All of this adds up to a lumbering, complex ecosystem of tools, technologies, and processes that is difficult to modify, leading to an inability to respond to customer and market changes in a timely fashion.
But wait, there’s hope
It is possible to remediate some of these challenges without a massive, risky “rip and replace” approach. Data virtualization, ontology-driven integration layers, semantic search/unified information access tools, and back-end robotic process automation (RPA) are all viable approaches to help organizations make up for their past digital sins.
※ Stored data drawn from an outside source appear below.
lemma sum_le_card_powr_mul_sum_powr_powr:
  fixes a :: "'a \<Rightarrow> real"
  assumes "finite S" "\<And>i. i \<in> S \<Longrightarrow> 0 \<le> a i" "1 \<le> t"
  shows "(\<Sum>i\<in>S. a i) \<le> real (card S) powr (1 - 1 / t) * (\<Sum>i\<in>S. a i powr t) powr (1 / t)"
proof -
  define S' where "S' = {i\<in>S. a i \<noteq> 0}"
  define n where "n = real (card S')"
  have S'_sum: "(\<Sum>i\<in>S. f i) = (\<Sum>i\<in>S'. f i)" if "\<And>i. f i = 0 \<longleftrightarrow> a i = 0" for f :: "'a \<Rightarrow> real"
    by (rule sum.mono_neutral_right) (use assms(1) that in \<open>auto simp: S'_def\<close>)
  have sum_a: "(\<Sum>i\<in>S. a i) = (\<Sum>i\<in>S'. a i)" and sum_at: "(\<Sum>i\<in>S. a i powr t) = (\<Sum>i\<in>S'. a i powr t)"
    by (rule S'_sum; simp)+
  have n_le: "n \<le> real (card S)"
    unfolding n_def using assms(1) by (intro of_nat_mono card_mono) (auto simp: S'_def)
  show ?thesis
  proof (cases "S' = {}")
    case True
    then show ?thesis using assms(3) by (simp add: sum_a)
  next
    case False
    have fin: "finite S'" using assms(1) by (simp add: S'_def)
    then have n_pos: "0 < n" using False by (simp add: n_def card_gt_0_iff)
    define T where "T = (\<Sum>i\<in>S'. a i)"
    define U where "U = (\<Sum>i\<in>S'. a i powr t)"
    have T0: "0 \<le> T" unfolding T_def S'_def by (rule sum_nonneg) (use assms(2) in auto)
    have pos: "0 < a i" if "i \<in> S'" for i
      using that assms(2) by (force simp: S'_def)
    have "(\<Sum>i\<in>S'. (1 / n) *\<^sub>R a i) powr t \<le> (\<Sum>i\<in>S'. (1 / n) * a i powr t)"
      by (rule convex_on_sum[OF fin False powr_convex[OF assms(3)]])
        (use n_pos pos in \<open>simp_all add: n_def\<close>)
    then have "(T / n) powr t \<le> U / n"
      by (simp add: T_def U_def sum_divide_distrib)
    then have "T / n \<le> (U / n) powr (1 / t)"
      using powr_mono2[of "1 / t" "(T / n) powr t" "U / n"] assms(3) T0 n_pos
      by (simp add: powr_powr)
    then have "T \<le> n powr (1 - 1 / t) * U powr (1 / t)"
      using n_pos by (simp add: powr_diff powr_divide field_simps)
    also have "\<dots> \<le> real (card S) powr (1 - 1 / t) * U powr (1 / t)"
      using n_pos n_le assms(3) by (intro mult_right_mono powr_mono2) auto
    finally show ?thesis by (simp add: T_def U_def sum_a sum_at)
  qed
qed
theorem theorem4:
  fixes M :: "'a measure"
    and gsr grr grd gsd :: "'a \<Rightarrow> real"
    and Ps Pr Cx r \<pi>sr \<pi>rr \<pi>rd \<pi>sd :: real
  assumes "prob_space M"
    and "prob_space.indep_vars M (\<lambda>_. borel) (\<lambda>i. [gsr, grr, grd, gsd] ! i) {0..<4}"
    and "distributed M lborel gsr (exponential_density (1 / \<pi>sr))"
    and "distributed M lborel grr (exponential_density (1 / \<pi>rr))"
    and "distributed M lborel grd (exponential_density (1 / \<pi>rd))"
    and "distributed M lborel gsd (exponential_density (1 / \<pi>sd))"
    and "\<pi>sr > 0" "\<pi>rr > 0" "\<pi>rd > 0" "\<pi>sd > 0"
    and "Ps > 0" "Pr > 0" "r > 0" "0 \<le> Cx" "Cx < 1"
  shows "measure M {\<omega> \<in> space M.
            min (R_sr Ps Pr Cx (gsr \<omega>) (grr \<omega>)) (R_rd Ps Pr Cx (grd \<omega>) (gsd \<omega>)) < r}
         \<le> P_UB r Ps Pr Cx \<pi>sr \<pi>rr \<pi>rd \<pi>sd"
proof -
  interpret prob_space M by fact
  define u where "u = Psi r Cx / (Pr * (1 - Cx^2))"
  define EA where "EA = {\<omega>\<in>space M. 0 \<le> grr \<omega> \<and> source_relay_threshold r Cx (Pr * grr \<omega>) / Ps < gsr \<omega>}"
  define EB where "EB = {\<omega>\<in>space M. 0 \<le> gsd \<omega> \<and> u * (Ps * gsd \<omega> + 1) < grd \<omega>}"
  have Cx: "Cx^2 < 1"
    using assms(14,15) by (simp add: abs_square_less_1)
  have u: "0 \<le> u"
    using Psi_nonneg[of r Cx] Cx assms(12,13) by (simp add: u_def)
  have indep: "indep_var lborel grr lborel gsr" "indep_var lborel gsd lborel grd"
    using indep_var_of_indep_vars[OF assms(2), of 1 0] indep_var_of_indep_vars[OF assms(2), of 3 2] by simp_all
  have pA: "exp (- source_relay_threshold r Cx (Pr * \<pi>rr) / (Ps * \<pi>sr)) \<le> prob EA"
    using prob_source_relay_success_ge[OF indep(1) assms(3,4,7,8,11,12)] assms(13) Cx by (simp add: EA_def)
  have pB: "prob EB = exp (- u / \<pi>rd) / (Ps * \<pi>sd * (u / \<pi>rd) + 1)"
    using prob_relay_destination_success[OF indep(2) assms(5,6,9,10) _ u] assms(11) by (simp add: EB_def)
  have [measurable]: "gsr \<in> borel_measurable M" "grr \<in> borel_measurable M"
      "grd \<in> borel_measurable M" "gsd \<in> borel_measurable M"
    using assms(3-6)[THEN distributed_measurable] by (simp_all add: measurable_lborel2)
  have events: "EA \<in> events" "EB \<in> events"
    unfolding EA_def EB_def by measurable
  have "Measurable.pred (borel \<Otimes>\<^sub>M borel) (\<lambda>p. 0 \<le> fst p \<and> source_relay_threshold r Cx (Pr * fst p) / Ps < snd p)"
    "Measurable.pred (borel \<Otimes>\<^sub>M borel) (\<lambda>p. 0 \<le> fst p \<and> u * (Ps * fst p + 1) < snd p)"
    by measurable measurable
  from prob_pair_events_indep[OF assms(2) _ _ this, of 1 0 3 2]
  have indep_events: "prob (EA \<inter> EB) = prob EA * prob EB"
    by (simp add: EA_def EB_def)
  have "measure M {\<omega> \<in> space M. min (R_sr Ps Pr Cx (gsr \<omega>) (grr \<omega>)) (R_rd Ps Pr Cx (grd \<omega>) (gsd \<omega>)) < r}
      \<le> prob (space M - (EA \<inter> EB))"
    using outage_subset[OF assms(11,12) _ Cx, of r "space M"] assms(13) events
    by (intro finite_measure_mono) (auto simp: EA_def EB_def u_def)
  also have "\<dots> = 1 - prob EA * prob EB"
    using events indep_events by (simp add: prob_compl)
  also have "\<dots> \<le> 1 - exp (- source_relay_threshold r Cx (Pr * \<pi>rr) / (Ps * \<pi>sr)) * prob EB"
    using mult_right_mono[OF pA measure_nonneg] by simp
  also have "\<dots> = P_UB r Ps Pr Cx \<pi>sr \<pi>rr \<pi>rd \<pi>sd"
    unfolding P_UB_eq pB u_def ..
  finally show ?thesis .
qed

end
lemma hrel_tilde_triangle:
  assumes abc: "a \<le> 1" "b \<le> 1" "c \<le> 1"
  shows "hrel (tildeX X) (tilde_vertex X \<sigma> a) (tilde_vertex X \<sigma> c)
      [tilde_edge X \<sigma> a c] [tilde_edge X \<sigma> a b, tilde_edge X \<sigma> b c]"
proof -
  let ?t = "tilde_class X 2 (Inr (\<sigma>, J_triangle a b c))"
  have act: "act (tildeX X) m 2 \<theta> ?t = tilde_class X m (Inr (\<sigma>, pull m \<theta> (J_triangle a b c)))"
    if "dmor m 2 \<theta>" for m \<theta>
    by (rule act_tilde_class_Inr[OF X that \<sigma> J_triangle_J_sset[OF abc]])
  have face: "face2 (tildeX X) k ?t = tilde_class X 1 (Inr (\<sigma>, pull 1 (\<lambda>j. if j < k then j else j + 1) (J_triangle a b c)))"
    if "k \<le> 2" for k
    unfolding face2_def using dmor_face[OF that] by (rule act)
  have vert: "vert2 (tildeX X) k ?t = tilde_class X 0 (Inr (\<sigma>, pull 0 (\<lambda>_. k) (J_triangle a b c)))"
    if "k \<le> 2" for k
    unfolding vert2_def using dmor_const[OF that] by (rule act)
  have "pull 1 (\<lambda>j. if j < 0 then j else j + 1) (J_triangle a b c) = J_edge b c"
    "pull 1 (\<lambda>j. if j < 1 then j else j + 1) (J_triangle a b c) = J_edge a c"
    "pull 1 (\<lambda>j. if j < 2 then j else j + 1) (J_triangle a b c) = J_edge a b"
    "pull 0 (\<lambda>_. 0) (J_triangle a b c) = J_vertex a" "pull 0 (\<lambda>_. 2) (J_triangle a b c) = J_vertex c"
    by (auto simp: pull_def J_edge_def J_vertex_def J_triangle_def)
  with face[of 0] face[of 1] face[of 2] vert[of 0] vert[of 2]
  show ?thesis
    using htri[OF tilde_class_in_simp[OF Inr_in_tilde_reps[OF \<sigma> J_triangle_J_sset[OF abc]]]] by simp
qed

lemma hrel_tilde_edge_inverse:
  assumes ab: "a \<le> 1" "b \<le> 1"
  shows "hrel (tildeX X) (tilde_vertex X \<sigma> a) (tilde_vertex X \<sigma> a) [tilde_edge X \<sigma> a b, tilde_edge X \<sigma> b a] []"
proof -
  have "hrel (tildeX X) (tilde_vertex X \<sigma> a) (tilde_vertex X \<sigma> a) [tilde_edge X \<sigma> a a] []"
    using hdeg[OF tilde_vertex_in_simp[OF ab(1)]] unfolding degen0_tilde_vertex[OF ab(1)] .
  then show ?thesis by (rule htrans[OF hsym[OF hrel_tilde_triangle[OF ab(1,2,1)]]])
qed

end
A good starting point is to inventory data sources, develop ownership policies, establish quality measures, map trust dependencies and create consistent reference architectures. As clean, consistent, quality data is the fuel for the organization’s applications, the role of a Chief Data Officer may prove to be a valuable catalyst for effecting needed process and culture change.
CIOs and CTOs need to be aware of emerging technologies and their potential, but also to understand the foundational elements that are required to achieve this potential and not let their business stakeholders get distracted by slick vendor demos. CIO’s also need to help the business understand the business’s role in owning the data that enables the advanced capabilities to serve customers, and to help foster a mindset that is focused on coordinated action rather than decisions made in isolation. Getting that buy-in can go a long way toward improving the business/IT partnerships.